Santa Muerte is the fastest growing religion in the Americas, said Andrew Chestnut, a professor of religious studies at Virginia Commonwealth University, in a lecture on Wednesday.
Santa Muerte is the Mexican folk saint of death. Folk saints primarily include Hispanic women who were considered miracle workers during their lives but were not officially canonized by the Catholic Church.
“Latin America is very strange in that it is the most Catholic region on Earth … but somehow the 10,000 Catholic saints weren’t enough for Latin America,” Chestnut said. “So in a void of … people who resonate better with Latin Americans, they created folk saints.”
Followers of Santa Muerte have broken off from the Catholic Church to create their own religion as the Catholic Church continuously condemns the folk saint, Santa Muerte, since it doesn’t align with their beliefs.
The majority of Santa Muerte followers are from the working class, and the religion has attracted more marginalized groups, contributing to its growing following, Chestnut said.
“She has become known as a multifaceted, multitasking miracle worker,” Chestnut said. “One of the advantages she has over Catholic saints is that she doesn’t specialize in one aspect. Santa Muerte does it all.”
Santa Muerte has also become associated with organized crime. Chestnut said the first time Santa Muerte was reported in the media was following the death of UT student, Mark Kilroy, in 1989. Kilroy was kidnapped from South Padre Island during spring break and used as a human sacrifice in Mexico.

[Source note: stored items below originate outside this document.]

lemma yterms_nonbridge:
  assumes "i < length E" "p \<in> V"
    and conn: "graph_connected V (del_edge E i)" and pot: "has_potentials V (del_edge E i)"
  shows "yterm1 V E i = (eff_res V E (ep E i) (eq E i))\<^sup>2 / elen E i \<and>
    yterm2 V E p i = (2 * voltage V E (eq E i) p (ep E i) - eff_res V E (ep E i) (eq E i))\<^sup>2 / elen E i"
proof -
  define u v L D where "u = ep E i" and "v = eq E i" and "L = elen E i" and "D = del_edge E i"
  note defs = u_def[symmetric] v_def[symmetric] L_def[symmetric] D_def[symmetric]
  note e = nth_edge[OF assms(1), unfolded defs]
  interpret D: network V D
    using finite_vertices edges_in_del_edge[OF edges_in] conn by unfold_locales (simp_all add: D_def)
  obtain \<phi> where \<phi>: "is_potential V D v u \<phi>"
    using pot e(2,3) by (auto simp: has_potentials_def D_def)
  define R where "R = \<phi> u"
  have "0 \<le> R"
    using potential_source_nonneg[OF finite_vertices D.edges_in \<phi> e(2,3)] by (simp add: R_def)
  have "voltage V D u p v + \<phi> p = R"
    using D.voltage_swap[OF pot[unfolded defs] assms(2) e(2,3)]
    by (simp add: eff_res_def D.voltage_eqI[OF e(3) \<phi>] R_def)
  then have R_i: "R_i V E i = R" and R_b: "R_b V E i p = \<phi> p" and R_a: "R_a V E i p = R - \<phi> p"
    by (simp_all add: R_i_def R_a_def R_b_def eff_res_def defs D.voltage_eqI[OF e(3) \<phi>] R_def)
  have "is_potential V E v u (\<lambda>x. L / (L + R) * \<phi> x)"
    using is_potential_insert_edge[OF edges_in assms(1) e(1) \<phi>[unfolded D_def]] e(4) \<open>0 \<le> R\<close>
    by (simp add: R_def)
  then have volt: "voltage V E v x u = L / (L + R) * \<phi> x" for x
    using voltage_eqI[OF e(3)] by blast
  have "L + R \<noteq> 0"
    using e(4) \<open>0 \<le> R\<close> by linarith
  then have scale: "(L / (L + R) * X)\<^sup>2 / L = L * X\<^sup>2 / (L + R)\<^sup>2" for X
    using e(4) by (simp add: power_mult_distrib power_divide power2_eq_square[of L] field_simps)
  have "yterm1 V E i = L * R\<^sup>2 / (L + R)\<^sup>2" "yterm2 V E p i = L * (2 * \<phi> p - R)\<^sup>2 / (L + R)\<^sup>2"
    using conn by (simp_all add: yterm1_def yterm2_def R_i R_a R_b defs power2_commute)
  moreover have "2 * (L / (L + R) * \<phi> p) - L / (L + R) * R = L / (L + R) * (2 * \<phi> p - R)"
    by (simp add: algebra_simps)
  ultimately show ?thesis
    unfolding defs eff_res_def volt R_def[symmetric] by (simp only: scale)
qed

lemma yterms_bridge:
  assumes "i < length E" "p \<in> V" and bridge: "\<not> graph_connected V (del_edge E i)"
  shows "yterm1 V E i = (eff_res V E (ep E i) (eq E i))\<^sup>2 / elen E i \<and>
    yterm2 V E p i = (2 * voltage V E (eq E i) p (ep E i) - eff_res V E (ep E i) (eq E i))\<^sup>2 / elen E i"
proof -
  define u v L where "u = ep E i" and "v = eq E i" and "L = elen E i"
  note defs = u_def[symmetric] v_def[symmetric] L_def[symmetric]
  note e = nth_edge[OF assms(1), unfolded defs]
  let ?\<psi> = "\<lambda>x. if x \<in> V \<and> \<not> (adj (del_edge E i))\<^sup>*\<^sup>* v x then L else 0"
  have sep: "\<not> (adj (del_edge E i))\<^sup>*\<^sup>* v u"
    by (rule bridge_separates[OF assms(1) e(1,3) bridge])
  have "voltage V E v x u = ?\<psi> x" for x
    by (rule voltage_eqI[OF e(3) is_potential_bridge[OF edges_in assms(1) e(1,2) sep]])
  then have "voltage V E v p u = 0 \<or> voltage V E v p u = L" "eff_res V E u v = L"
    using sep e(2) by (auto simp: eff_res_def)
  moreover have "yterm1 V E i = L" "yterm2 V E p i = L"
    using bridge Lim_bridge_term[OF e(4)] by (simp_all add: yterm1_def yterm2_def defs)
  ultimately show ?thesis
    using e(4) by (auto simp: defs power2_eq_square)
qed

lemma y_inv_eq_eff_res:
  assumes "p \<in> V" "has_potentials V E"
    and "\<And>i. graph_connected V (del_edge E i) \<Longrightarrow> has_potentials V (del_edge E i)"
  shows "y_inv V E p =
    1/4 * (\<Sum>i<length E. (eff_res V E (ep E i) (eq E i))\<^sup>2 / elen E i) +
    3/4 * (\<Sum>i<length E. (eff_res V E p (ep E i) - eff_res V E p (eq E i))\<^sup>2 / elen E i)"
proof -
  have "yterm1 V E i = (eff_res V E (ep E i) (eq E i))\<^sup>2 / elen E i \<and>
      yterm2 V E p i = (eff_res V E p (ep E i) - eff_res V E p (eq E i))\<^sup>2 / elen E i"
    if i: "i < length E" for i
  proof -
    have "2 * voltage V E (eq E i) p (ep E i) - eff_res V E (ep E i) (eq E i)
        = eff_res V E p (eq E i) - eff_res V E p (ep E i)"
      using voltage_eq_eff_res[OF assms(2,1) nth_edge(2,3)[OF i]] by simp
    then show ?thesis
      using yterms_nonbridge[OF i assms(1)] yterms_bridge[OF i assms(1)] assms(3)
      by (cases "graph_connected V (del_edge E i)") (auto simp: power2_commute)
  qed
  then show ?thesis by (simp add: y_inv_def)
qed

end

section \<open>Conductances\<close>

definition cond :: "'v medges \<Rightarrow> 'v \<Rightarrow> 'v \<Rightarrow> real" where
  "cond E x y = (\<Sum>(a, b, l)\<leftarrow>E. if a = x \<and> b = y \<or> a = y \<and> b = x then 1 / l else 0)"

lemma cond_Nil [simp]: "cond [] x y = 0"
  by (simp add: cond_def)

lemma cond_Cons [simp]:
  "cond ((a, b, l) # E) x y = (if a = x \<and> b = y \<or> a = y \<and> b = x then 1 / l else 0) + cond E x y"
  by (simp add: cond_def)

lemma cond_sym: "cond E x y = cond E y x"
  by (induction E) auto

lemma cond_nonneg: "edges_in V E \<Longrightarrow> 0 \<le> cond E x y"
  by (induction E) (auto simp: edges_in_def)

lemma cond_pos_if_adj:
  assumes "edges_in V E" "adj E x y"
  shows "0 < cond E x y"
  using assms
proof (induction E)
  case (Cons e E)
  obtain a b l where e: "e = (a, b, l)" by (cases e)
  have "edges_in V E" "0 < l" using Cons.prems(1) by (auto simp: e edges_in_def)
  then show ?case
    using Cons cond_nonneg[of V E x y] by (auto simp: e adj_def add_pos_nonneg add_nonneg_pos)
qed (simp add: adj_def)

lemma if_zero_mult: "(if P then x else 0) * t = (if P then x * t else (0 :: real))"
  by simp

lemma outflow_eq_sum_cond:
  assumes "finite V" "edges_in V E" "v \<in> V"
  shows "outflow E \<phi> v = (\<Sum>w\<in>V. cond E v w * (\<phi> v - \<phi> w))"
  using assms(2)
proof (induction E)
  case (Cons e E)
  obtain a b l where e: "e = (a, b, l)" by (cases e)
  have ab: "a \<in> V" "b \<in> V" using Cons.prems by (auto simp: e edges_in_def)
  have "(\<Sum>w\<in>V. (if a = v \<and> b = w \<or> a = w \<and> b = v then 1 / l else 0) * (\<phi> v - \<phi> w))
      = (if a = v then (\<phi> v - \<phi> b) / l else 0) + (if b = v then (\<phi> v - \<phi> a) / l else 0)"
    using assms(1) ab by (cases "a = v"; cases "b = v") (auto simp: if_zero_mult)
  then show ?case
    using Cons by (simp add: e edges_in_def distrib_right sum.distrib)
qed simp

lemma sum_edges_eq_sum_cond:
  assumes "finite V" "edges_in V E"
    and sym: "\<And>x y. x \<in> V \<Longrightarrow> y \<in> V \<Longrightarrow> g y x = g x y" and diag: "\<And>x. x \<in> V \<Longrightarrow> g x x = 0"
  shows "(\<Sum>(a, b, l)\<leftarrow>E. g a b / l) = (\<Sum>x\<in>V. \<Sum>y\<in>V. cond E x y * g x y) / 2"
  using assms(2)
proof (induction E)
  case (Cons e E)
  obtain a b l where e: "e = (a, b, l)" by (cases e)
  have ab: "a \<in> V" "b \<in> V" using Cons.prems by (auto simp: e edges_in_def)
  have "(\<Sum>y\<in>V. (if a = x \<and> b = y \<or> a = y \<and> b = x then 1 / l else 0) * g x y)
      = (if x = a then g a b / l else 0) + (if x = b then g a b / l else 0)"
    if "x \<in> V" for x
    using assms(1) ab that sym diag by (cases "x = a"; cases "x = b") (auto simp: if_zero_mult)
  then have "(\<Sum>x\<in>V. \<Sum>y\<in>V. (if a = x \<and> b = y \<or> a = y \<and> b = x then 1 / l else 0) * g x y) = 2 * (g a b / l)"
    using assms(1) ab by (simp add: sum.distrib)
  then show ?case
    using Cons by (simp add: e edges_in_def distrib_right sum.distrib add_divide_distrib)
qed simp

lemma sum_nth_edges: "(\<Sum>i<length E. f (ep E i) (eq E i) (elen E i)) = (\<Sum>(a, b, l)\<leftarrow>E. f a b l)"
  by (simp add: sum_list_sum_nth atLeast0LessThan ep_def eq_def elen_def split_beta)

lemma (in network) cut_cond_pos:
  assumes "x \<in> S" "x \<in> V" "y \<in> V" "y \<notin> S"
  shows "\<exists>u\<in>S. \<exists>w\<in>V - S. 0 < cond E u w"
proof (rule ccontr)
  assume no_edge: "\<not> ?thesis"
  have "z \<in> S" if "(adj E)\<^sup>*\<^sup>* x z" for z
    using that
  proof (induction rule: rtranclp_induct)
    case (step z z')
    then have "z' \<in> V"
      using edges_in by (auto simp: adj_def edges_in_def)
    then show ?case
      using no_edge step cond_pos_if_adj[OF edges_in] by blast
  qed (rule assms(1))
  then show False
    using connected assms by (auto simp: graph_connected_def)
qed
theorem proposition3p2:
  fixes emb :: "complex \<Rightarrow> 'r::comm_ring_1"
    and D :: "int \<Rightarrow> nat \<Rightarrow> 'r \<Rightarrow> 'r"
    and r :: nat
    and E :: "nat \<Rightarrow> complex^'n::finite^'n"
    and g ginv X Xinv :: "('r, 'n) series"
    and U W :: "nat \<Rightarrow> ('r, 'n) series"
  assumes alg: "calg_hom emb"
    and der: "commuting_C_derivations emb r D"
    and t: "max_comm_basis r E"
    and g: "G_lt0 g" "bdd_above_series ginv"
           "smul g ginv = smonom (mat 1) 0" "smul ginv g = smonom (mat 1) 0"
    and X: "G_ge0 X" "bdd_below_series Xinv"
           "smul X Xinv = smonom (mat 1) 0" "smul Xinv X = smonom (mat 1) 0"
    and U: "\<And>a. a \<in> {1..r} \<Longrightarrow> U a = smul (smul g (smonom (embm emb (E a)) 0)) ginv"
    and W: "\<And>b. b \<in> {1..r} \<Longrightarrow> W b = smul (smul X (smonom (embm emb (E b)) (-1))) Xinv"
    and zc1: "\<And>m1 m2 b1 a2. m1 < 0 \<Longrightarrow> 0 \<le> m2 \<Longrightarrow> b1 \<in> {1..r} \<Longrightarrow> a2 \<in> {1..r} \<Longrightarrow>
       sder (D m1 b1) (Bop U m2 a2) - sder (D m2 a2) (Cop W m1 b1)
         - sbracket (Cop W m1 b1) (Bop U m2 a2) = 0"
    and zc2: "\<And>m1 m2 a1 a2. 0 \<le> m1 \<Longrightarrow> 0 \<le> m2 \<Longrightarrow> a1 \<in> {1..r} \<Longrightarrow> a2 \<in> {1..r} \<Longrightarrow>
       sder (D m1 a1) (Bop U m2 a2) - sder (D m2 a2) (Bop U m1 a1)
         - sbracket (Bop U m1 a1) (Bop U m2 a2) = 0"
    and zc3: "\<And>m1 m2 b1 b2. m1 < 0 \<Longrightarrow> m2 < 0 \<Longrightarrow> b1 \<in> {1..r} \<Longrightarrow> b2 \<in> {1..r} \<Longrightarrow>
       sder (D m1 b1) (Cop W m2 b2) - sder (D m2 b2) (Cop W m1 b1)
         - sbracket (Cop W m1 b1) (Cop W m2 b2) = 0"
  shows "combined_solution r D U W"
proof -
  note D0 = commuting_C_derivations_zero[OF der]
  note zc = zc1 zc2 zc3
  note zc_trunc = zc[unfolded Bop_def Cop_def pi_ge0_eq_trunc_ge pi_lt0_eq_trunc_lt]
  obtain Ng Nx where ginv: "deg_le Ng ginv" and Xinv: "ord_ge Nx Xinv"
    using g(2) X(2) by (auto simp: bdd_above_series_def bdd_below_series_def deg_le_def ord_ge_def)
  have g_deg: "deg_le 0 g" and X_ord: "ord_ge 0 X"
    using g(1) X(1) by (auto simp: G_lt0_def G_ge0_def deg_le_def ord_ge_def)
  have E_comm: "embm emb (E a) ** embm emb (E b) = embm emb (E b) ** embm emb (E a)"
    if "a \<in> {1..r}" "b \<in> {1..r}" for a b
    using t that by (simp add: embm_mult[OF alg, symmetric] max_comm_basis_def)
  have U_deg: "deg_le Ng (U a)" if "a \<in> {1..r}" for a
    using deg_le_smul[OF deg_le_smul[OF g_deg deg_le_smonom[where k = 0]] ginv] U[OF that] by simp
  have W_ord: "ord_ge (Nx - 1) (W b)" if "b \<in> {1..r}" for b
    using ord_ge_smul[OF ord_ge_smul[OF X_ord ord_ge_smonom[where k = "- 1"]] Xinv] W[OF that] by simp
  have U_comm: "sbracket (U a) (U b) = 0" if "a \<in> {1..r}" "b \<in> {1..r}" for a b
    unfolding U[OF that(1)] U[OF that(2)]
    by (rule sbracket_conjugates_deg_le[OF g_deg ginv g(4) E_comm[OF that]])
  have W_comm: "sbracket (W a) (W b) = 0" if "a \<in> {1..r}" "b \<in> {1..r}" for a b
    unfolding W[OF that(1)] W[OF that(2)]
    by (rule sbracket_conjugates_ord_ge[OF X_ord Xinv X(4) E_comm[OF that]])
  show ?thesis
    unfolding combined_solution_def pi_ge0_eq_trunc_ge pi_lt0_eq_trunc_lt
  proof (intro conjI allI impI ballI)
    fix m :: int and a1 a2 assume m: "0 \<le> m" and a: "a1 \<in> {1..r}" "a2 \<in> {1..r}"
    show "sder (D m a1) (U a2) = sbracket (trunc_ge 0 (zshift m (U a1))) (U a2)"
      by (rule flow_deg_le_from_zero_curvature[where d = "D m a1" and dd = "\<lambda>p. D p a2",
            OF D0[OF a(1)] D0[OF a(2)] U_deg[OF a(1)] U_deg[OF a(2)] U_comm[OF a]])
         (simp_all add: zc_trunc(2)[OF m _ a])
  next
    fix m :: int and a b assume m: "0 \<le> m" and a: "a \<in> {1..r}" and b: "b \<in> {1..r}"
    show "sder (D m a) (W b) = sbracket (trunc_ge 0 (zshift m (U a))) (W b)"
      by (rule flow_ord_ge_from_mixed_zero_curvature[where d = "D m a" and dd = "\<lambda>q. D q b",
            OF D0[OF a] D0[OF b] U_deg[OF a] W_ord[OF b]])
         (simp add: zc_trunc(1)[OF _ m b a])
  next
    fix m :: int and b1 b2 assume m: "m < 0" and b: "b1 \<in> {1..r}" "b2 \<in> {1..r}"
    show "sder (D m b1) (W b2) = sbracket (trunc_lt 0 (zshift (m + 1) (W b1))) (W b2)"
      by (rule flow_ord_ge_from_zero_curvature[where d = "D m b1" and dd = "\<lambda>p. D p b2",
            OF D0[OF b(1)] D0[OF b(2)] W_ord[OF b(1)] W_ord[OF b(2)] W_comm[OF b]])
         (simp add: zc_trunc(3)[OF m _ b])
  next
    fix m :: int and b a assume m: "m < 0" and b: "b \<in> {1..r}" and a: "a \<in> {1..r}"
    show "sder (D m b) (U a) = sbracket (trunc_lt 0 (zshift (m + 1) (W b))) (U a)"
      by (rule flow_deg_le_from_mixed_zero_curvature[where d = "D m b" and dd = "\<lambda>p. D p a",
            OF D0[OF b] D0[OF a] U_deg[OF a] W_ord[OF b]])
         (simp add: zc_trunc(1)[OF m _ b a])
  qed
qed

“It is true that she has become the preferred religious deity for Mexican cartel members, because if you’re a cartel member you’re scraping by death,” Chestnut said. “So who better to ask for more time alive than death herself?”
Jennifer Graber, associate professor of religious studies and organizer of the lecture, said she wants people to look beyond the sensationalized reports of Santa Muerte.
“It’s such a fast-growing movement, yet so few people outside of the religion understand what it is,” Graber said.
Gabriela Kane, Latin American studies graduate student, attended the lecture wearing a Santa Muerte shirt. Kane said she is fascinated with death and Santa Muerte.
“Embracing death is something that is unique to the worship of Santa Muerte,” Kane said. “Santa Muerte offers love, but it’s a different type of love than most religions.”